These tools are waste of money. They are too flimsy to work properly, no matter who makes them. In order to move Mosin sight the armorer has to clamp the barrel in the soft jawed vise and drift the sight assembly with proper punch. Sometimes one need a bigger hammer to budge it.
Second thing is that barrel thickness varies from year to year. during ww2 they made barrels so rough and thick that even standard bayonets won't fit. Even bayos won't fit from rifle to rifle, so how do you expect this tool to work on all rifles? I won't even get in M38 or M44 territory as barrels were made out of speck as it was up to machinist at the factory to decide how much metal to take off.
Invest in proper vise and good bench, quality brass punches that will work on all future projects, that's my advise.

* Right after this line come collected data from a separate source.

lemma Hs_bound_L2_lim:
  assumes s: "0 \<le> s" and r: "\<forall>n k. 1 \<le> n \<and> k < 2^n \<longrightarrow> 0 < r n k"
    and c: "summable (trace_weight r s)" and p: "in_H1 r p" and g: "L2_lim p g"
  shows "in_Hs s g \<and> Hs_norm s g \<le> sqrt (suminf (trace_weight r s)) * H1_norm r p"
proof -
  define B where "B = suminf (trace_weight r s) * suminf (level_energy r p)"
  have finite_sums_le: "(\<Sum>l\<in>F. Hs_terms s g l) \<le> B" if "finite F" "F \<subseteq> Lambda2" for F
  proof -
    have "(\<lambda>N. \<Sum>l\<in>F. Hs_terms s (ptilde p N) l) \<longlonglongrightarrow> (\<Sum>l\<in>F. Hs_terms s g l)"
      unfolding Hs_terms_def by (intro tendsto_intros fourier2_tendsto_L2_lim[OF g])
    then show ?thesis
      unfolding B_def by (rule LIMSEQ_le_const2) (use Hs_terms_ptilde_le[OF s r c p that] in auto)
  qed
  have summable: "Hs_terms s g summable_on Lambda2"
  proof (rule nonneg_bdd_above_summable_on)
    show "bdd_above (sum (Hs_terms s g) ` {F. F \<subseteq> Lambda2 \<and> finite F})"
      using finite_sums_le by (intro bdd_aboveI[of _ B]) auto
  qed (simp add: Hs_terms_def)
  have "Hs_norm s g \<le> sqrt B"
    unfolding Hs_norm_def using infsum_le_finite_sums[OF summable finite_sums_le]
    by (rule real_sqrt_le_mono)
  also have "\<dots> = sqrt (suminf (trace_weight r s)) * H1_norm r p"
    unfolding B_def H1_norm_eq_sqrt_suminf_level_energy[OF p] by (rule real_sqrt_mult)
  finally show ?thesis using summable unfolding in_Hs_def by blast
qed

theorem proposition3p1:
  fixes r :: "nat \<Rightarrow> nat \<Rightarrow> real" and s :: real
  assumes "s > 0"
    and "\<forall>n k. 1 \<le> n \<and> k < 2^n \<longrightarrow> 0 < r n k"
    and "summable (\<lambda>n. max_res r (Suc n) / 2 powr (real (Suc n) * (1 - 2 * s)))"
  shows "\<exists>C. \<forall>p. in_H1 r p \<longrightarrow>
           (\<exists>g. L2_lim p g) \<and>
           (\<forall>g. L2_lim p g \<longrightarrow> in_Hs s g \<and> Hs_norm s g \<le> C * H1_norm r p)"
proof -
  have s: "0 \<le> s" using assms(1) by simp
  have c: "summable (trace_weight r s)" by (rule summable_trace_weight[OF assms])
  show ?thesis
    using ex_L2_lim_ptilde[OF s assms(2) c] Hs_bound_L2_lim[OF s assms(2) c] by blast
qed

end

With respect, some of us have had a different experience, at least with the Elby tools. In my case, a gunsmith 91-30 model has worked just fine on the (admittedly few) 91-30s it has been used on, one requiring some penetrating oil, and flipped upside-down and slipped over the sight hood on an SVT40, pushing against the sight base. I wanted the steel insert and extra thickness of the gunsmith model because I wasn't certain of the forces involved in pushing offset on the base beside the dovetail with the SVT, but in the end I doubt that I needed it. I did have to do a very little bit of clearance filing to fit one one of the rifles, the SVT IIRC.